March 07, 2014
By Heidi Moore
Using digital tools in the classroom isn’t the future of learning, it’s the present—except at the significant percentage of schools without reliable high-speed internet.
A teacher at an elementary school in a Boston suburb leads students through a story creation session using Pixie. Enabling users to combine text with images and narration, the software has the potential to help boost literacy skills and appeal to diverse learning styles. The activity falls short, but not because of an inherent problem with the program or its application in the classroom. The problem: a slow internet connection.
That was one frustrating situation Jean Tower recalls encountering when she started as director of technology at the Public Schools of Northborough and Southborough, Massachusetts, about six years ago. The regional PK-12 district’s internet connection had a capacity of less than 1 Mbps, which was inadequate for the heavy usage demands of its 10 schools. This made it difficult to run programs like Pixie or access online math games.
“Even just logging onto the computer was tough,” Tower said. “It was impossible to do anything that relied on the internet.”

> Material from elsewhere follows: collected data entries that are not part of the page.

(* Let $(U_n)_{n\ge0}$ be a linear recurrence sequence of order $k\ge2$ with integer coefficients having a dominant root $\alpha_1$ (i.e. $|\alpha_1|>|\alpha_j|$ for all other roots $\alpha_j$ of its characteristic polynomial). Let $a,b$ be positive integers, $r\ge1$ and $\varepsilon>0$. Let $(n,m,z_1,\dots,z_r)$ with integers $n\ge m\ge 0$, $n\ge1$, and $z_1,\dots,z_r\in\mathcal U_S$, $z_r\neq0$, be a solution of $aU_n+bU_m=z_1+\cdots+z_r$ such that $|z_i|^{1+\varepsilon}\le |z_r|$ for $1\le i\le r-1$. Then $$\log|z_r|<c_7 n+c_8,$$ where $c_7,c_8$ are effectively computable constants depending only on $\varepsilon,\gamma,r,k,a,b$.
   Context: A linear recurrence sequence of order $k$ is defined by $U_n=a_1U_{n-1}+\cdots+a_kU_{n-k}$ with $a_1,\dots,a_k\in\mathbb Z$, $a_k\ne0$, and integer initial values $U_0,\dots,U_{k-1}$ not all zero; its characteristic polynomial is $x^k-a_1x^{k-1}-\cdots-a_k$. Set $\gamma:=\max\{\max_{1\le i\le k}|a_i|,\max_{0\le j\le k-1}|U_j|\}$. Let $S=\{p_1,\dots,p_\ell\}$ be a finite set of distinct primes and $\mathcal U_S$ the set of integers of the form $\pm p_1^{e_1}\cdots p_\ell^{e_\ell}$ with nonnegative integers $e_i$. *)

theory Defs
  imports "HOL-Computational_Algebra.Computational_Algebra" "HOL-Computational_Algebra.Primes" Complex_Main
begin

definition is_lrs :: "nat \<Rightarrow> (nat \<Rightarrow> int) \<Rightarrow> (nat \<Rightarrow> int) \<Rightarrow> bool" where
  "is_lrs k cf U \<longleftrightarrow> cf k \<noteq> 0 \<and> (\<exists>j<k. U j \<noteq> 0) \<and>
     (\<forall>n\<ge>k. U n = (\<Sum>i=1..k. cf i * U (n - i)))"

definition char_poly :: "nat \<Rightarrow> (nat \<Rightarrow> int) \<Rightarrow> int poly" where
  "char_poly k cf = monom 1 k - (\<Sum>i=1..k. monom (cf i) (k - i))"

definition has_dominant_root :: "nat \<Rightarrow> (nat \<Rightarrow> int) \<Rightarrow> bool" where
  "has_dominant_root k cf \<longleftrightarrow>
     (\<exists>\<alpha>1::complex. poly (map_poly of_int (char_poly k cf)) \<alpha>1 = 0 \<and>
        (\<forall>\<beta>. poly (map_poly of_int (char_poly k cf)) \<beta> = 0 \<and> \<beta> \<noteq> \<alpha>1 \<longrightarrow> cmod \<beta> < cmod \<alpha>1))"

definition lrs_gamma :: "nat \<Rightarrow> (nat \<Rightarrow> int) \<Rightarrow> (nat \<Rightarrow> int) \<Rightarrow> int" where
  "lrs_gamma k cf U = max (Max ((\<lambda>i. \<bar>cf i\<bar>) ` {1..k})) (Max ((\<lambda>j. \<bar>U j\<bar>) ` {..<k}))"

definition S_units :: "nat set \<Rightarrow> int set" where
  "S_units S = {z. \<exists>e::nat \<Rightarrow> nat. z = (\<Prod>p\<in>S. int p ^ e p) \<or> z = - (\<Prod>p\<in>S. int p ^ e p)}"

end

theory Submission
  imports Defs
begin

text \<open>The recurrence gives the crude growth bound \<open>\<bar>U n\<bar> \<le> G (k G + 1)^n\<close>
  with \<open>G = max \<gamma> 1\<close>, so the left-hand side \<open>a U\<^sub>n + b U\<^sub>m\<close> is at most \<open>C B^n\<close>.
  On the right-hand side every \<open>z\<^sub>i\<close> with \<open>i < r\<close> is at most \<open>\<bar>z\<^sub>r\<bar>^\<delta>\<close> with
  \<open>\<delta> = 1/(1+\<epsilon>) < 1\<close>, so \<open>\<bar>z\<^sub>r\<bar> \<le> C B^n + (r-1) \<bar>z\<^sub>r\<bar>^\<delta>\<close>; either the first term
  dominates, giving \<open>\<bar>z\<^sub>r\<bar> \<le> 2 C B^n\<close>, or \<open>\<bar>z\<^sub>r\<bar>\<close> is bounded by a constant.\<close>

lemma lrs_abs_le_exp:
  fixes G :: int
  assumes lrs: "is_lrs k cf U" and cf_le: "\<forall>i\<in>{1..k}. \<bar>cf i\<bar> \<le> G"
    and init_le: "\<forall>j<k. \<bar>U j\<bar> \<le> G" and "G \<ge> 1" and "k \<ge> 1"
  shows "\<bar>U n\<bar> \<le> G * (int k * G + 1) ^ n"
proof (induction n rule: less_induct)
  case (less n)
  define B where "B = int k * G + 1"
  have "B \<ge> 1" using \<open>G \<ge> 1\<close> unfolding B_def by simp
  show ?case
  proof (cases "n < k")
    case True
    have "\<bar>U n\<bar> \<le> G" using init_le True by auto
    also have "G \<le> G * B ^ n" using \<open>G \<ge> 1\<close> \<open>B \<ge> 1\<close> by (simp add: one_le_power)
    finally show ?thesis unfolding B_def .
  next
    case False
    have "U n = (\<Sum>i=1..k. cf i * U (n - i))" using lrs False unfolding is_lrs_def by auto
    hence "\<bar>U n\<bar> \<le> (\<Sum>i=1..k. \<bar>cf i\<bar> * \<bar>U (n - i)\<bar>)"
      by (simp add: abs_mult[symmetric] sum_abs)
    also have "\<dots> \<le> (\<Sum>i=1..k. G * (G * B ^ (n - 1)))"
    proof (rule sum_mono)
      fix i assume i: "i \<in> {1..k}"
      have "\<bar>U (n - i)\<bar> \<le> G * B ^ (n - i)" using less[of "n - i"] i False unfolding B_def by auto
      also have "\<dots> \<le> G * B ^ (n - 1)"
        using \<open>B \<ge> 1\<close> \<open>G \<ge> 1\<close> i by (intro mult_left_mono power_increasing) auto
      finally show "\<bar>cf i\<bar> * \<bar>U (n - i)\<bar> \<le> G * (G * B ^ (n - 1))"
        using cf_le i by (intro mult_mono) auto
    qed
    also have "\<dots> = (int k * G) * (G * B ^ (n - 1))" by simp
    also have "\<dots> \<le> B * (G * B ^ (n - 1))"
      using \<open>G \<ge> 1\<close> \<open>B \<ge> 1\<close> unfolding B_def by (intro mult_right_mono) auto
    also have "\<dots> = G * B ^ n"
      using False \<open>k \<ge> 1\<close> by (cases n) (auto simp: algebra_simps)
    finally show ?thesis unfolding B_def .
  qed
qed

lemma lrs_gamma_bounds:
  fixes G :: int
  assumes "G \<ge> lrs_gamma k cf U"
  shows "\<forall>i\<in>{1..k}. \<bar>cf i\<bar> \<le> G" and "\<forall>j<k. \<bar>U j\<bar> \<le> G"
proof -
  have "Max ((\<lambda>i. \<bar>cf i\<bar>) ` {1..k}) \<le> G" and "Max ((\<lambda>j. \<bar>U j\<bar>) ` {..<k}) \<le> G"
    using assms unfolding lrs_gamma_def by auto
  thus "\<forall>i\<in>{1..k}. \<bar>cf i\<bar> \<le> G" and "\<forall>j<k. \<bar>U j\<bar> \<le> G"
    by (meson Max_ge finite_imageI finite_atLeastAtMost finite_lessThan image_eqI
        lessThan_iff order_trans)+
qed

lemma lrs_lincomb_abs_le_exp:
  fixes a b :: int
  assumes lrs: "is_lrs k cf U" and "k \<ge> 1" and "a \<ge> 0" and "b \<ge> 0" and "m \<le> n"
  defines "G \<equiv> max (lrs_gamma k cf U) 1"
  shows "\<bar>a * U n + b * U m\<bar> \<le> (a + b) * G * (int k * G + 1) ^ n"
proof -
  define B where "B = int k * G + 1"
  have "G \<ge> 1" and "B \<ge> 1" unfolding G_def B_def by auto
  have "G \<ge> lrs_gamma k cf U" unfolding G_def by simp
  have U_le: "\<bar>U j\<bar> \<le> G * B ^ j" for j
    using lrs_abs_le_exp[OF lrs lrs_gamma_bounds[OF \<open>G \<ge> lrs_gamma k cf U\<close>] \<open>G \<ge> 1\<close> \<open>k \<ge> 1\<close>]
    unfolding B_def .
  have "\<bar>U m\<bar> \<le> G * B ^ m" using U_le .
  also have "\<dots> \<le> G * B ^ n"
    using \<open>G \<ge> 1\<close> \<open>B \<ge> 1\<close> \<open>m \<le> n\<close> by (intro mult_left_mono power_increasing) auto
  finally have "\<bar>U m\<bar> \<le> G * B ^ n" .
  moreover have "\<bar>U n\<bar> \<le> G * B ^ n" using U_le .
  ultimately have "a * \<bar>U n\<bar> + b * \<bar>U m\<bar> \<le> a * (G * B ^ n) + b * (G * B ^ n)"
    using assms(3,4) by (intro add_mono mult_left_mono) auto
  moreover have "\<bar>a * U n + b * U m\<bar> \<le> a * \<bar>U n\<bar> + b * \<bar>U m\<bar>"
    using assms(3,4) by (simp add: abs_mult abs_triangle_ineq[THEN order_trans])
  ultimately show ?thesis unfolding B_def by (simp add: algebra_simps)
qed

lemma le_twice_or_le_powr:
  fixes x L c \<delta> :: real
  assumes "x \<ge> 0" and "0 < \<delta>" and "\<delta> < 1" and "x \<le> L + c * x powr \<delta>"
  shows "x \<le> 2 * L \<or> x \<le> (2 * c) powr (1 / (1 - \<delta>))"
proof (cases "c * x powr \<delta> \<le> x / 2")
  case True
  thus ?thesis using assms(4) by simp
next
  case False
  hence "x < 2 * c * x powr \<delta>" by simp
  hence "x > 0" using \<open>x \<ge> 0\<close> by (cases "x = 0") auto
  have "x powr (1 - \<delta>) = x / x powr \<delta>" using \<open>x > 0\<close> by (simp add: powr_diff)
  also have "\<dots> < 2 * c"
    using \<open>x < 2 * c * x powr \<delta>\<close> \<open>x > 0\<close> by (simp add: divide_less_eq)
  finally have "x powr (1 - \<delta>) < 2 * c" .
  have "x = (x powr (1 - \<delta>)) powr (1 / (1 - \<delta>))" using \<open>x > 0\<close> \<open>\<delta> < 1\<close> by (simp add: powr_powr)
  also have "\<dots> \<le> (2 * c) powr (1 / (1 - \<delta>))"
    using \<open>x powr (1 - \<delta>) < 2 * c\<close> \<open>\<delta> < 1\<close> by (intro powr_mono2) auto
  finally show ?thesis by simp
qed

lemma abs_last_le_abs_sum_plus_powr:
  fixes z :: "nat \<Rightarrow> int" and \<epsilon> :: real
  assumes "r \<ge> 1" and "\<epsilon> > 0"
    and small: "\<forall>i\<in>{1..r-1}. real_of_int \<bar>z i\<bar> powr (1 + \<epsilon>) \<le> real_of_int \<bar>z r\<bar>"
  shows "real_of_int \<bar>z r\<bar> \<le>
    real_of_int \<bar>\<Sum>i=1..r. z i\<bar> + (real r - 1) * real_of_int \<bar>z r\<bar> powr (1 / (1 + \<epsilon>))"
proof -
  define M where "M = real_of_int \<bar>z r\<bar>"
  have z_le: "real_of_int \<bar>z i\<bar> \<le> M powr (1 / (1 + \<epsilon>))" if "i \<in> {1..r-1}" for i
  proof -
    have "real_of_int \<bar>z i\<bar> = (real_of_int \<bar>z i\<bar> powr (1 + \<epsilon>)) powr (1 / (1 + \<epsilon>))"
      using \<open>\<epsilon> > 0\<close> by (cases "z i = 0") (simp_all add: powr_powr)
    also have "\<dots> \<le> M powr (1 / (1 + \<epsilon>))"
      using small that \<open>\<epsilon> > 0\<close> unfolding M_def by (intro powr_mono2) auto
    finally show ?thesis .
  qed
  have split: "(\<Sum>i=1..r. z i) = (\<Sum>i=1..r-1. z i) + z r"
    using \<open>r \<ge> 1\<close> by (cases r) (simp_all add: sum.cl_ivl_Suc)
  have "M \<le> real_of_int \<bar>\<Sum>i=1..r. z i\<bar> + real_of_int \<bar>\<Sum>i=1..r-1. z i\<bar>"
    unfolding M_def split by linarith
  also have "real_of_int \<bar>\<Sum>i=1..r-1. z i\<bar> \<le> (\<Sum>i=1..r-1. real_of_int \<bar>z i\<bar>)"
    by (metis of_int_le_iff of_int_sum sum_abs)
  also have "\<dots> \<le> (\<Sum>i=1..r-1. M powr (1 / (1 + \<epsilon>)))" using z_le by (intro sum_mono)
  also have "\<dots> = (real r - 1) * M powr (1 / (1 + \<epsilon>))" using \<open>r \<ge> 1\<close> by (simp add: of_nat_diff)
  finally show ?thesis unfolding M_def by simp
qed

lemma abs_last_le_twice_sum_or_const:
  fixes z :: "nat \<Rightarrow> int" and \<epsilon> :: real
  assumes "r \<ge> 1" and "\<epsilon> > 0"
    and "\<forall>i\<in>{1..r-1}. real_of_int \<bar>z i\<bar> powr (1 + \<epsilon>) \<le> real_of_int \<bar>z r\<bar>"
  shows "real_of_int \<bar>z r\<bar> \<le> 2 * real_of_int \<bar>\<Sum>i=1..r. z i\<bar> \<or>
    real_of_int \<bar>z r\<bar> \<le> (2 * (real r - 1)) powr ((1 + \<epsilon>) / \<epsilon>)"
proof -
  have "1 / (1 - 1 / (1 + \<epsilon>)) = (1 + \<epsilon>) / \<epsilon>" using \<open>\<epsilon> > 0\<close> by (simp add: field_simps)
  thus ?thesis
    using le_twice_or_le_powr[OF _ _ _ abs_last_le_abs_sum_plus_powr[OF assms]] \<open>\<epsilon> > 0\<close>
    by simp
qed

theorem lemma3:
  fixes \<epsilon> :: real and \<gamma> :: int and r k :: nat and a b :: int
  assumes "\<epsilon> > 0" and "r \<ge> 1" and "k \<ge> 2" and "a > 0" and "b > 0"
  shows "\<exists>c7 c8 :: real. \<forall>(cf :: nat \<Rightarrow> int) (U :: nat \<Rightarrow> int) (S :: nat set)
            (n :: nat) (m :: nat) (z :: nat \<Rightarrow> int).
     is_lrs k cf U \<and> has_dominant_root k cf \<and> lrs_gamma k cf U = \<gamma> \<and>
     finite S \<and> (\<forall>p\<in>S. prime p) \<and>
     n \<ge> m \<and> n \<ge> 1 \<and> (\<forall>i\<in>{1..r}. z i \<in> S_units S) \<and> z r \<noteq> 0 \<and>
     a * U n + b * U m = (\<Sum>i=1..r. z i) \<and>
     (\<forall>i\<in>{1..r-1}. real_of_int \<bar>z i\<bar> powr (1 + \<epsilon>) \<le> real_of_int \<bar>z r\<bar>)
     \<longrightarrow> ln (real_of_int \<bar>z r\<bar>) < c7 * real n + c8"
proof -
  define G :: int where "G = max \<gamma> 1"
  define B :: real where "B = of_int (int k * G + 1)"
  define C :: real where "C = 2 * of_int ((a + b) * G)"
  define K :: real where "K = max 1 ((2 * (real r - 1)) powr ((1 + \<epsilon>) / \<epsilon>))"
  have "G \<ge> 1" unfolding G_def by simp
  hence "B \<ge> 1" and "C \<ge> 1" and "K \<ge> 1"
    using assms(4,5) unfolding B_def C_def K_def by (auto simp: mult_ge1_I)
  show ?thesis
  proof (intro exI allI impI)
    fix cf U S n m z
    assume H: "is_lrs k cf U \<and> has_dominant_root k cf \<and> lrs_gamma k cf U = \<gamma> \<and>
     finite S \<and> (\<forall>p\<in>S. prime p) \<and>
     n \<ge> m \<and> n \<ge> 1 \<and> (\<forall>i\<in>{1..r}. z i \<in> S_units S) \<and> z r \<noteq> 0 \<and>
     a * U n + b * U m = (\<Sum>i=1..r. z i) \<and>
     (\<forall>i\<in>{1..r-1}. real_of_int \<bar>z i\<bar> powr (1 + \<epsilon>) \<le> real_of_int \<bar>z r\<bar>)"
    have "\<bar>\<Sum>i=1..r. z i\<bar> \<le> (a + b) * G * (int k * G + 1) ^ n"
      using lrs_lincomb_abs_le_exp[of k cf U a b m n] H assms(3-5) unfolding G_def by auto
    hence "real_of_int \<bar>\<Sum>i=1..r. z i\<bar> \<le> of_int ((a + b) * G) * B ^ n"
      unfolding B_def by (metis of_int_le_iff of_int_mult of_int_power)
    hence "2 * real_of_int \<bar>\<Sum>i=1..r. z i\<bar> \<le> C * B ^ n" unfolding C_def by simp
    moreover have "C * B ^ n \<ge> 1" using \<open>B \<ge> 1\<close> \<open>C \<ge> 1\<close> by (simp add: mult_ge1_I)
    ultimately have "real_of_int \<bar>z r\<bar> \<le> max (C * B ^ n) K"
      using abs_last_le_twice_sum_or_const[of r \<epsilon> z] assms(1,2) H unfolding K_def by auto
    also have "\<dots> \<le> C * B ^ n * K"
      using \<open>C * B ^ n \<ge> 1\<close> \<open>K \<ge> 1\<close>
      by (auto simp: max_def intro: mult_le_cancel_left1[THEN iffD2] mult_le_cancel_right1[THEN iffD2])
    finally have "real_of_int \<bar>z r\<bar> \<le> C * B ^ n * K" .
    moreover have "real_of_int \<bar>z r\<bar> > 0" using H by simp
    ultimately have "ln (real_of_int \<bar>z r\<bar>) \<le> ln (C * B ^ n * K)" by simp
    also have "\<dots> = ln B * real n + (ln C + ln K)"
      using \<open>B \<ge> 1\<close> \<open>C \<ge> 1\<close> \<open>K \<ge> 1\<close> by (simp add: ln_mult ln_realpow)
    finally show "ln (real_of_int \<bar>z r\<bar>) < ln B * real n + (ln C + ln K + 1)" by simp
  qed
qed

end
theorem lemma3:
  fixes V :: "'a set" and E :: "('a \<times> 'a) set" and T w :: "'a cotree"
    and R :: "'a set" and u1 u2 :: 'a
  assumes "cotree_of V E T"
    and "strongly_connected V E"
    and "w \<in> subtrees T" and "is_inner w"
    and "resolving_set E (leaves w) R"
    and "one_vertex (leaves w) (induced_edges E (leaves w)) R u1"
    and "two_vertex (leaves w) (induced_edges E (leaves w)) R u2"
  shows "\<not> (\<exists>v \<in> leaves w - {u1, u2}.
            resolving_set E (leaves w) (insert v R) \<and>
            \<not> (\<exists>x. one_vertex (leaves w) (induced_edges E (leaves w)) (insert v R) x) \<and>
            \<not> (\<exists>x. two_vertex (leaves w) (induced_edges E (leaves w)) (insert v R) x))"
proof (intro notI, elim bexE conjE)
  fix v
  assume v: "v \<in> leaves w - {u1, u2}"
    and "\<nexists>x. one_vertex (leaves w) (induced_edges E (leaves w)) (insert v R) x"
    and "\<nexists>x. two_vertex (leaves w) (induced_edges E (leaves w)) (insert v R) x"
  then have v_u: "(v, u1) \<notin> E" "(v, u2) \<in> E"
    using assms(6,7) unfolding one_vertex_def two_vertex_def induced_edges_def by auto
  have u1: "u1 \<in> leaves w - R" "\<forall>r\<in>R. (r, u1) \<in> E"
    and u2: "u2 \<in> leaves w - R" "\<forall>r\<in>R. (r, u2) \<notin> E"
    using assms(6,7) unfolding one_vertex_def two_vertex_def induced_edges_def by auto
  have "v \<in> leaves w - R" using v v_u u1(2) by blast
  have wf: "cotree_wf T" and E: "E = cg_edges T" and V: "V = leaves T"
    using assms(1) unfolding cotree_of_def by auto
  have diameter: "\<forall>x\<in>V. \<forall>y\<in>V. x \<noteq> y \<longrightarrow> (x, y) \<in> E \<union> E O E"
    using strongly_connected_cotree_within_two_steps[OF wf] assms(2) unfolding E V by blast
  have "leaves w \<subseteq> V" using leaves_subtree[OF assms(3)] V by simp
  obtain r where "r \<in> R" "(r, v) \<notin> E"
    using resolving_set_distinguishes_by_adjacency[OF diameter assms(5) \<open>leaves w \<subseteq> V\<close>
        \<open>v \<in> leaves w - R\<close> u1(1)] v u1(2) by blast
  obtain r' where "r' \<in> R" "(r', v) \<in> E"
    using resolving_set_distinguishes_by_adjacency[OF diameter assms(5) \<open>leaves w \<subseteq> V\<close>
        \<open>v \<in> leaves w - R\<close> u2(1)] v u2(2) by blast
  have "obstruction E r' r u1 u2 v"
    unfolding obstruction_def using v_u u1 u2 \<open>r \<in> R\<close> \<open>(r, v) \<notin> E\<close> \<open>r' \<in> R\<close> \<open>(r', v) \<in> E\<close> by blast
  then show False using cotree_no_obstruction[OF wf] E by simp
qed

end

Fast forward through six years of incremental improvements led by Tower. Today Northborough and Southborough public schools have a much faster connection via fiber optic lines—35 Mbps up/down speeds at the elementary and middle schools and 150 Mbps at the high schools.
Along with the increase in speed, there’s been an exponential increase in the use of digital tools in the classroom. Students now interview authors across the country via Skype and access books that match their interests and reading levels on e-readers. Teachers attend training sessions via webinar. And fourth graders collaborate on an annual ecosystem project using iPads, taking pictures and annotating their work as they go. “Without reliable [internet] access, there’s no way you can do something like that,” Tower said.
But when it comes to reliable access, many districts still lag behind, especially in poorer urban and rural areas. According to a 2013 Pew Research Center survey of 2,462 Advanced Placement and National Writing Project teachers on how they use technology, “there are striking differences in the role of technology in wealthier school districts compared with poorer school districts.”
Nearly three-quarters (73%) of teachers surveyed by Pew reported using mobile phones in the classroom or to complete assignments, while almost half (45%) reported using e-readers and tablet computers. The ubiquity of digital tools was not surprising to the researchers, said study coauthor Kristen Purcell, associate director of research at the Pew Research Center’s Internet & American Life Project.
“What did surprise us,” Purcell noted, “was that there were really consistent differences in the responses of the teachers who said they had lower-income students when you compared them with those who said they had higher-income students. It wasn’t something we went in looking for, but the results were so stark and so consistent, we had to write about it.”
A startling 84 percent of teachers in the study agreed to some extent with the statement that “today’s digital technologies are leading to greater disparities between affluent and disadvantaged schools and school districts.”
“What was the promise of technology that everyone saw in the beginning for education?” Purcell asked. “People talked about it as a great leveler. It was going to level the playing field for access to information… And they’re basically telling us the opposite is true, in their experience.”
While broadband wasn’t a specific focus of the survey, Purcell said that the issue did arise frequently in focus groups. Teachers in rural areas, in particular, reported being hindered by lack of reliable high-speed internet. “Low-income students in urban areas can address the shortage with mobile tools,” Purcell pointed out. “In rural areas where there is no broadband access, that isn’t the case.”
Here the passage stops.